Bunge claims Clemons got extra tutoring

Former player’s ex-girlfriend said tutors did much of his work.
Thursday, August 14, 2003 | 12:00 a.m. CDT; updated 12:55 p.m. CDT, Thursday, July 10, 2008

(AP) KANSAS CITY — Tutors at the University of Missouri did excessive academic work for Ricky Clemons, the former Tigers’ basketball player dropped from the team last month, his ex-girlfriend says.

In an interview with The Kansas City Star, Jessica Bunge also gave further details about her previous allegations that Clemons received money from someone in the university basketball program, and disputed coach Quin Snyder’s account of how much clothing the player got from him.

Bunge, a former Missouri student who goes to school in Chicago, was interviewed there by The Star on Monday night. She said she spoke earlier Monday with an NCAA investigator but would not discuss specifics of that conversation.

In an account of her interview with The Star the newspaper published Wednesday, Bunge was quoted as saying of Clemons, “He swore he could get away with anything, and they proved it to him.”

Bunge told The Star about what she believed to be excessive academic help to Clemons, a junior college transfer student who averaged 14.2 points per game last season.

She said she once went to the athletic support center to pick up Clemons, and while waiting for him logged on to the Internet at a computer next to one he was seated at.

Bunge said a tutor sitting on the other side of Clemons was typing a paper for him. Clemons, she said, barely paid attention to the tutor, focusing instead on Bunge’s Internet surfing.

The tutor, she said, was writing the paper, and would say to Clemons, “You see why I did this?” She said Clemons would “look over and say ‘Yeah’ and then look right back over at me.”

The NCAA allows tutors to type papers for athletes, if the player pays an hourly or per-page rate for the service, according to Bryan Maggard, associate athletic director for academic services at Missouri. NCAA rules prohibit tutors from providing original composition, and in past cases of improper typing schools have had to declare players ineligible and apply for reinstatement.

“I know we’re not making any comment until our internal investigation is completed,” Maggard said. “This will be addressed very seriously.”

Bunge said that on another occasion she saw a tutor meet Clemons outside a classroom about 10 minutes before a class began. She said the tutor handed Clemons a completed assignment and that Clemons took it into the class and turned it in.

Clemons was suspended from the team for one game in January after a problem at his apartment involving Bunge, who said he held her against her will and also choked her. In April, he pleaded guilty to misdemeanor charges of false imprisonment and third-degree assault. He got a 60-day jail sentence for the false imprisonment count and was suspended from the basketball team for all of next season, but retained his scholarship.

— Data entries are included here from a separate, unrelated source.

(* Consider the power-market model described in the context, fix a day $k$, a parameter $\eta>0$ and the queue state $\mathbf{Q}(t_k)$. For a price vector $\mathbf{p}(k)=(p(k,t))_{t=0}^{T-1}\in\mathcal{P}$ define $$\Phi(\mathbf{p}(k))=\sum_{t=0}^{T-1}\mathbb{E}\Big[\eta\sum_{n=1}^N U_n(L_n(k,t),t)-\eta\,\text{Cost}(k,t)+\sum_n Q_n(t_k+t)\,L^{\mathsf{d}}_n(p(k,t),t)\,\Big|\,\mathbf{Q}(t_k)\Big],$$ $$\Phi^{\mathsf{A}}(\mathbf{p}(k))=\sum_{t=0}^{T-1}\mathbb{E}\Big[\eta\sum_{n=1}^N U_n(L_n(k,t),t)-\eta\,\text{Cost}(k,t)+\sum_n Q_n(t_k)\,L^{\mathsf{d}}_n(p(k,t),t)\,\Big|\,\mathbf{Q}(t_k)\Big],$$ where the loads are those induced by the prices. Let $\Phi^*$ be the maximum of $\Phi$ over $\mathcal{P}$ and let $\mathbf{p}^{\mathsf{A}}(k)$ be a maximizer of $\Phi^{\mathsf{A}}$ over $\mathcal{P}$. Then $$\Phi^{\mathsf{A}}(\mathbf{p}^{\mathsf{A}}(k))\ge \Phi^*-TC_0,\qquad C_0=\frac{T-1}{2}\sum_n\big([L_n^{\max}]^2+[L_n^{\mathsf{av}}]^2\big).$$
   Context: Days $k=0,1,\dots$ are divided into $T$ slots, $t_k=kT$. The utility company chooses user prices $\mathbf{p}(k)=(p(k,t))_t$ from a compact set $\mathcal{P}\subseteq[0,p_{\max}]^T$. Each of $N$ users has an increasing continuous utility $U_n(L,t)$; given price $p(k,t)$, user $n$ chooses the intended load $L^{\mathsf{d}}_n(p(k,t),t)$ as the smallest maximizer over $L\in[L_n^{\min}(t),L_n^{\mathsf{d},\max}]$ of $\mathbb{E}[U_n(L+w_n(k,t),t)-p(k,t)(L+w_n(k,t))]$, and actually consumes $L_n(k,t)=L^{\mathsf{d}}_n(k,t)+w_n(k,t)$ with $w_n$ zero-mean random deviations, where $0\le L_n(k,t)\le L_n^{\max}$. $\text{Cost}(k,t)=\beta(k,t)B(k,t)+\alpha(k,t)[L(k,t)-B(k,t)-X(k,t)]^+$ is the power procurement cost ($X$ renewable power, $B$ base-power bought at day-ahead price $\beta$, deficit bought at real-time price $\alpha$, $L=\sum_n L_n$). Deficit queues: $Q_n(0)=0$, $Q_n(t_k+t+1)=[Q_n(t_k+t)-L_n(k,t)]^++L_n^{\mathsf{av}}$, with constants $L_n^{\mathsf{av}}\ge0$; $\mathbf{Q}=(Q_n)_n$. *)

theory Defs
  imports "HOL-Probability.Probability"
begin

text \<open>Actual load of user n in slot t of the fixed day, under price vector p
  (indexed by slots): intended load at price p t plus the random deviation.\<close>
definition load :: "(nat \<Rightarrow> nat \<Rightarrow> real \<Rightarrow> real) \<Rightarrow> (nat \<Rightarrow> nat \<Rightarrow> 'a \<Rightarrow> real)
    \<Rightarrow> (nat \<Rightarrow> real) \<Rightarrow> nat \<Rightarrow> nat \<Rightarrow> 'a \<Rightarrow> real" where
  "load Ld w p n t x = Ld n t (p t) + w n t x"

text \<open>Deficit queue within the fixed day: queue q0 Lav L n t x is Q_n(t_k + t),
  starting from the given state Q_n(t_k) = q0 n.\<close>
fun queue :: "(nat \<Rightarrow> real) \<Rightarrow> (nat \<Rightarrow> real) \<Rightarrow> (nat \<Rightarrow> nat \<Rightarrow> 'a \<Rightarrow> real)
    \<Rightarrow> nat \<Rightarrow> nat \<Rightarrow> 'a \<Rightarrow> real" where
  "queue q0 Lav L n 0 x = q0 n"
| "queue q0 Lav L n (Suc t) x = max (queue q0 Lav L n t x - L n t x) 0 + Lav n"

definition cost :: "(nat \<Rightarrow> real) \<Rightarrow> (nat \<Rightarrow> real) \<Rightarrow> (nat \<Rightarrow> 'a \<Rightarrow> real)
    \<Rightarrow> (nat \<Rightarrow> 'a \<Rightarrow> real) \<Rightarrow> real \<Rightarrow> nat \<Rightarrow> 'a \<Rightarrow> real" where
  "cost beta B alpha X Ltot t x = beta t * B t + alpha t x * max (Ltot - B t - X t x) 0"

definition objective :: "'a measure \<Rightarrow> nat \<Rightarrow> nat \<Rightarrow> real \<Rightarrow> (nat \<Rightarrow> real \<Rightarrow> nat \<Rightarrow> real)
    \<Rightarrow> (nat \<Rightarrow> nat \<Rightarrow> real \<Rightarrow> real) \<Rightarrow> (nat \<Rightarrow> nat \<Rightarrow> 'a \<Rightarrow> real)
    \<Rightarrow> (nat \<Rightarrow> real) \<Rightarrow> (nat \<Rightarrow> real) \<Rightarrow> (nat \<Rightarrow> 'a \<Rightarrow> real) \<Rightarrow> (nat \<Rightarrow> 'a \<Rightarrow> real)
    \<Rightarrow> (nat \<Rightarrow> nat \<Rightarrow> 'a \<Rightarrow> real) \<Rightarrow> (nat \<Rightarrow> real) \<Rightarrow> real" where
  "objective M N T eta U Ld w beta B alpha X Qw p =
     (\<Sum>t<T. integral\<^sup>L M (\<lambda>x.
        eta * (\<Sum>n<N. U n (load Ld w p n t x) t)
        - eta * cost beta B alpha X (\<Sum>n<N. load Ld w p n t x) t x
        + (\<Sum>n<N. Qw n t x * Ld n t (p t))))"

definition Phi where
  "Phi M N T eta U Ld w beta B alpha X q0 Lav p =
     objective M N T eta U Ld w beta B alpha X (queue q0 Lav (load Ld w p)) p"

definition PhiA where
  "PhiA M N T eta U Ld w beta B alpha X q0 p =
     objective M N T eta U Ld w beta B alpha X (\<lambda>n t x. q0 n) p"

definition least_maximizer :: "real set \<Rightarrow> (real \<Rightarrow> real) \<Rightarrow> real \<Rightarrow> bool" where
  "least_maximizer S g l \<longleftrightarrow> l \<in> S \<and> (\<forall>l'\<in>S. g l' \<le> g l) \<and> (\<forall>l'\<in>S. g l' = g l \<longrightarrow> l \<le> l')"

end

theory Submission
  imports Defs
begin

text \<open>Replacing the queue weights Q_n(t_k+t) by the frozen Q_n(t_k) costs at most C_0 per slot:
  within the day each queue grows by at most t L_n^av, the intended load is at most L_n^max,
  and t L_n^av L_n^max \<le> (T-1)/2 ((L_n^max)^2 + (L_n^av)^2).  Hence
  \<Phi>(p) \<le> \<Phi>^A(p) + T C_0 for every admissible p, and the claim follows by comparing
  \<Phi>^A(p^A) \<ge> \<Phi>^A(p^*).  Only the load bounds and the zero mean of the deviations
  matter.\<close>

lemma queue_bounds:
  assumes "0 \<le> q0 n" "0 \<le> Lav n" "\<forall>s<t. 0 \<le> L n s x"
  shows "0 \<le> queue q0 Lav L n t x \<and> queue q0 Lav L n t x \<le> q0 n + real t * Lav n"
  using assms(3)
proof (induction t)
  case 0
  then show ?case using assms(1) by simp
next
  case (Suc t)
  then show ?case using assms(2) by (auto simp: algebra_simps)
qed

lemma queue_measurable:
  assumes "\<forall>s<t. L n s \<in> borel_measurable M"
  shows "queue q0 Lav L n t \<in> borel_measurable M"
  using assms
proof (induction t)
  case 0
  have "queue q0 Lav L n 0 = (\<lambda>x. q0 n)" by auto
  then show ?case by simp
next
  case (Suc t)
  have "queue q0 Lav L n (Suc t) = (\<lambda>x. max (queue q0 Lav L n t x - L n t x) 0 + Lav n)"
    by auto
  then show ?case using Suc by auto
qed

lemma (in prob_space) zero_mean_shift_bounds:
  fixes w :: "'a \<Rightarrow> real"
  assumes "integrable M w" "integral\<^sup>L M w = 0" "\<forall>x\<in>space M. a \<le> c + w x \<and> c + w x \<le> b"
  shows "a \<le> c \<and> c \<le> b"
proof -
  have c_eq: "integral\<^sup>L M (\<lambda>x. c + w x) = c"
    using assms(1,2) by (simp add: prob_space)
  have "integral\<^sup>L M (\<lambda>x. a) \<le> integral\<^sup>L M (\<lambda>x. c + w x)"
    using assms by (intro integral_mono) auto
  moreover have "integral\<^sup>L M (\<lambda>x. c + w x) \<le> integral\<^sup>L M (\<lambda>x. b)"
    using assms by (intro integral_mono) auto
  ultimately show ?thesis using c_eq by (simp add: prob_space)
qed

text \<open>No integrability of f is needed: if f is not integrable, both integrals are 0,
  which is why c has to be nonnegative.\<close>
lemma (in prob_space) integral_add_diff_le:
  fixes f g h :: "'a \<Rightarrow> real"
  assumes "integrable M g" "integrable M h"
    and "\<forall>x\<in>space M. g x - h x \<le> c" "0 \<le> c"
  shows "integral\<^sup>L M (\<lambda>x. f x + g x) - integral\<^sup>L M (\<lambda>x. f x + h x) \<le> c"
proof (cases "integrable M f")
  case True
  have "integral\<^sup>L M (\<lambda>x. g x - h x) \<le> integral\<^sup>L M (\<lambda>x. c)"
    using assms by (intro integral_mono) auto
  then show ?thesis using True assms(1,2) by (simp add: prob_space)
next
  case False
  have "\<not> integrable M (\<lambda>x. f x + k x)" if "integrable M k" for k
  proof
    assume "integrable M (\<lambda>x. f x + k x)"
    then have "integrable M (\<lambda>x. (f x + k x) - k x)"
      using that by (rule Bochner_Integration.integrable_diff)
    then show False using False by simp
  qed
  then show ?thesis using assms by (simp add: not_integrable_integral_eq)
qed

lemma objective_weights_diff_le:
  assumes "prob_space M" "0 \<le> c"
    and "\<forall>t<T. \<forall>n<N. integrable M (Qw n t) \<and> integrable M (Qw' n t)"
    and "\<forall>t<T. \<forall>x\<in>space M. (\<Sum>n<N. (Qw n t x - Qw' n t x) * Ld n t (p t)) \<le> c"
  shows "objective M N T eta U Ld w beta B alpha X Qw p
           - objective M N T eta U Ld w beta B alpha X Qw' p \<le> real T * c"
proof -
  have "integral\<^sup>L M (\<lambda>x. F x + (\<Sum>n<N. Qw n t x * Ld n t (p t)))
      - integral\<^sup>L M (\<lambda>x. F x + (\<Sum>n<N. Qw' n t x * Ld n t (p t))) \<le> c"
    if "t < T" for t and F :: "_ \<Rightarrow> real"
    using that assms
    by (intro prob_space.integral_add_diff_le)
       (auto simp: sum_subtractf[symmetric] left_diff_distrib)
  then have "objective M N T eta U Ld w beta B alpha X Qw p
           - objective M N T eta U Ld w beta B alpha X Qw' p \<le> (\<Sum>t<T. c)"
    unfolding objective_def sum_subtractf[symmetric] by (intro sum_mono) simp
  then show ?thesis by simp
qed

lemma drift_times_load_le:
  fixes d a l m s t :: real
  assumes "d \<le> t * a" "0 \<le> t" "t \<le> s" "0 \<le> a" "0 \<le> l" "l \<le> m"
  shows "d * l \<le> s / 2 * (m\<^sup>2 + a\<^sup>2)"
proof -
  have "d * l \<le> t * (a * m)"
    using assms by (metis mult.assoc mult_left_mono mult_nonneg_nonneg mult_right_mono order.trans)
  also have "\<dots> \<le> t * ((m\<^sup>2 + a\<^sup>2) / 2)"
    using assms(2) sum_squares_ge_zero[of "m - a" 0]
    by (intro mult_left_mono) (auto simp: power2_eq_square algebra_simps)
  also have "\<dots> \<le> s / 2 * (m\<^sup>2 + a\<^sup>2)"
    using assms(3) by (simp add: mult_right_mono)
  finally show ?thesis .
qed

lemma Phi_le_PhiA_add:
  assumes "prob_space M"
    and p_range: "\<forall>t<T. 0 \<le> p t \<and> p t \<le> pmax"
    and w_meas: "\<forall>n<N. \<forall>t<T. w n t \<in> borel_measurable M \<and> integrable M (w n t)
                   \<and> integral\<^sup>L M (w n t) = 0"
    and Lav_nonneg: "\<forall>n<N. 0 \<le> Lav n"
    and q0_nonneg: "\<forall>n<N. 0 \<le> q0 n"
    and L_bounds: "\<forall>n<N. \<forall>t<T. \<forall>pr\<in>{0..pmax}. \<forall>x\<in>space M.
        0 \<le> Ld n t pr + w n t x \<and> Ld n t pr + w n t x \<le> Lmax n"
  shows "Phi M N T eta U Ld w beta B alpha X q0 Lav p
           \<le> PhiA M N T eta U Ld w beta B alpha X q0 p
             + real T * ((real T - 1) / 2 * (\<Sum>n<N. (Lmax n)^2 + (Lav n)^2))"
proof -
  interpret prob_space M by fact
  define Q where "Q = queue q0 Lav (load Ld w p)"
  have load_bounds: "0 \<le> load Ld w p n t x \<and> load Ld w p n t x \<le> Lmax n"
    if "n < N" "t < T" "x \<in> space M" for n t x
    using L_bounds p_range that unfolding load_def by auto
  have Ld_bounds: "0 \<le> Ld n t (p t) \<and> Ld n t (p t) \<le> Lmax n" if "n < N" "t < T" for n t
    using w_meas load_bounds that by (intro zero_mean_shift_bounds[of "w n t"]) (auto simp: load_def)
  have Q_bounds: "0 \<le> Q n t x \<and> Q n t x \<le> q0 n + real t * Lav n"
    if "n < N" "t \<le> T" "x \<in> space M" for n t x
    unfolding Q_def using that Lav_nonneg q0_nonneg load_bounds by (intro queue_bounds) auto
  have Q_integrable: "integrable M (Q n t)" if "n < N" "t < T" for n t
  proof (rule integrable_const_bound)
    have "load Ld w p n s \<in> borel_measurable M" if "s < T" for s
    proof -
      have "w n s \<in> borel_measurable M" using w_meas that \<open>n < N\<close> by auto
      then show ?thesis unfolding load_def by measurable
    qed
    then show "Q n t \<in> borel_measurable M"
      unfolding Q_def using that by (intro queue_measurable) auto
    show "AE x in M. norm (Q n t x) \<le> q0 n + real t * Lav n"
      using Q_bounds that by (intro AE_I2) fastforce
  qed
  have gap: "(\<Sum>n<N. (Q n t x - q0 n) * Ld n t (p t))
      \<le> (real T - 1) / 2 * (\<Sum>n<N. (Lmax n)^2 + (Lav n)^2)"
    if "t < T" "x \<in> space M" for t x
  proof -
    have "(\<Sum>n<N. (Q n t x - q0 n) * Ld n t (p t))
        \<le> (\<Sum>n<N. (real T - 1) / 2 * ((Lmax n)^2 + (Lav n)^2))"
    proof (rule sum_mono)
      fix n assume "n \<in> {..<N}"
      then have "Q n t x - q0 n \<le> real t * Lav n"
        using Q_bounds[of n t x] that by auto
      then show "(Q n t x - q0 n) * Ld n t (p t) \<le> (real T - 1) / 2 * ((Lmax n)^2 + (Lav n)^2)"
        using \<open>n \<in> {..<N}\<close> that Ld_bounds Lav_nonneg by (intro drift_times_load_le) auto
    qed
    then show ?thesis by (simp add: sum_distrib_left)
  qed
  have "Phi M N T eta U Ld w beta B alpha X q0 Lav p - PhiA M N T eta U Ld w beta B alpha X q0 p
      \<le> real T * ((real T - 1) / 2 * (\<Sum>n<N. (Lmax n)^2 + (Lav n)^2))"
  proof (cases "T = 0")
    case True
    then show ?thesis unfolding Phi_def PhiA_def objective_def by simp
  next
    case False
    then have "0 \<le> (real T - 1) / 2 * (\<Sum>n<N. (Lmax n)^2 + (Lav n)^2)"
      by (intro mult_nonneg_nonneg sum_nonneg) auto
    then show ?thesis
      unfolding Phi_def PhiA_def Q_def[symmetric] using gap Q_integrable assms(1)
      by (intro objective_weights_diff_le) auto
  qed
  then show ?thesis by simp
qed

theorem lemma4:
  fixes M :: "'a measure" and N T :: nat and eta pmax :: real
    and U :: "nat \<Rightarrow> real \<Rightarrow> nat \<Rightarrow> real"
    and Lmin :: "nat \<Rightarrow> nat \<Rightarrow> real" and Ldmax Lmax Lav q0 :: "nat \<Rightarrow> real"
    and Ld :: "nat \<Rightarrow> nat \<Rightarrow> real \<Rightarrow> real" and w :: "nat \<Rightarrow> nat \<Rightarrow> 'a \<Rightarrow> real"
    and beta B :: "nat \<Rightarrow> real" and alpha X :: "nat \<Rightarrow> 'a \<Rightarrow> real"
    and P :: "(nat \<Rightarrow> real) set" and pstar pA :: "nat \<Rightarrow> real"
  assumes "prob_space M"
    and P_sub: "P \<subseteq> {p. \<forall>t. (t < T \<longrightarrow> 0 \<le> p t \<and> p t \<le> pmax) \<and> (T \<le> t \<longrightarrow> p t = 0)}"
    and "compact P"
    and "eta > 0"
    and U_props: "\<forall>n<N. \<forall>t<T. mono (\<lambda>L. U n L t) \<and> continuous_on UNIV (\<lambda>L. U n L t)"
    and w_meas: "\<forall>n<N. \<forall>t<T. w n t \<in> borel_measurable M \<and> integrable M (w n t)
                   \<and> integral\<^sup>L M (w n t) = 0"
    and Lav_nonneg: "\<forall>n<N. 0 \<le> Lav n"
    and q0_nonneg: "\<forall>n<N. 0 \<le> q0 n"
    and Ld_def: "\<forall>n<N. \<forall>t<T. \<forall>pr\<in>{0..pmax}.
        least_maximizer {Lmin n t..Ldmax n}
          (\<lambda>l. integral\<^sup>L M (\<lambda>x. U n (l + w n t x) t - pr * (l + w n t x))) (Ld n t pr)"
    and L_bounds: "\<forall>n<N. \<forall>t<T. \<forall>pr\<in>{0..pmax}. \<forall>x\<in>space M.
        0 \<le> Ld n t pr + w n t x \<and> Ld n t pr + w n t x \<le> Lmax n"
    and pstar_max: "pstar \<in> P" "\<forall>p\<in>P. Phi M N T eta U Ld w beta B alpha X q0 Lav p
                                 \<le> Phi M N T eta U Ld w beta B alpha X q0 Lav pstar"
    and pA_max: "pA \<in> P" "\<forall>p\<in>P. PhiA M N T eta U Ld w beta B alpha X q0 p
                                 \<le> PhiA M N T eta U Ld w beta B alpha X q0 pA"
  shows "PhiA M N T eta U Ld w beta B alpha X q0 pA
           \<ge> Phi M N T eta U Ld w beta B alpha X q0 Lav pstar
             - real T * ((real T - 1) / 2 * (\<Sum>n<N. (Lmax n)^2 + (Lav n)^2))"
proof -
  have "\<forall>t<T. 0 \<le> pstar t \<and> pstar t \<le> pmax"
    using P_sub pstar_max(1) by auto
  then have "Phi M N T eta U Ld w beta B alpha X q0 Lav pstar
      \<le> PhiA M N T eta U Ld w beta B alpha X q0 pstar
        + real T * ((real T - 1) / 2 * (\<Sum>n<N. (Lmax n)^2 + (Lav n)^2))"
    by (rule Phi_le_PhiA_add[OF assms(1) _ w_meas Lav_nonneg q0_nonneg L_bounds])
  moreover have "PhiA M N T eta U Ld w beta B alpha X q0 pstar
      \<le> PhiA M N T eta U Ld w beta B alpha X q0 pA"
    using pA_max(2) pstar_max(1) by blast
  ultimately show ?thesis by linarith
qed

end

Clemons began serving his time under a work-release arrangement. But after he was injured in an ATV accident near the Columbia home of MU President Elson Floyd on July 4, it was discovered that he was supposed to be back at the halfway house at the time. That led to Clemons being ordered to the Boone County Jail to serve out the rest of his sentence and to his dismissal from the basketball program.

Clemons remains in the jail at Columbia and is scheduled to be released Aug. 24. Through his attorney, Wally Bley, he declined The Star’s request for an interview Tuesday. Through Bley, he also denied all allegations of cheating and receiving improper benefits, other than those that Snyder acknowledged in court depositions and interviews.

Missouri officials declined to discuss specific allegations Tuesday, saying only that the school’s investigation is ongoing.

“Certainly, we’ll get to the bottom of this,” Athletic Director Mike Alden said.

Snyder has acknowledged that he gave Clemons two pairs of shoes and a pair of sweat pants, which he said “probably” will be ruled an NCAA violation.

According to Bunge, Clemons received much more.

She said she once drove to Snyder’s house in her GMC Jimmy and that Clemons began bringing out armloads of clothes.

“He took three full loads from his house to my car,” she said. “I have an SUV, and the whole back end was full. He had sweat suits. He had really, really nice dress coats. He had suits. He had boxers. He had gym bags. He had a lot of Mizzou apparel, but a lot of it was really nice Brooks Brothers stuff.”

Bunge also said Clemons often would come out of Hearnes Center, with cash, allegations she first made in Boone County Prosecutor Kevin Crane’s initial investigation into the assault case.

Snyder has denied that Clemons, or any of his players, received money, and Bunge said she never saw an exchange of money.

“I took him to the Hearnes, and he would come out and have money,” she told The Star. “A hundred here, a hundred there. He’d get 50s. He’d get 20s. Anytime he needed money. If he needed money to pay his phone bill, that’s where he went.”

Bunge said she and Clemons would go to the mall and “he would spend hundreds of dollars on jump suits.”

“We went out to eat all the time,” she said. “He never bought groceries. We went out to dinner at least once a day at a nice restaurant, and we’d get fast food two other times.”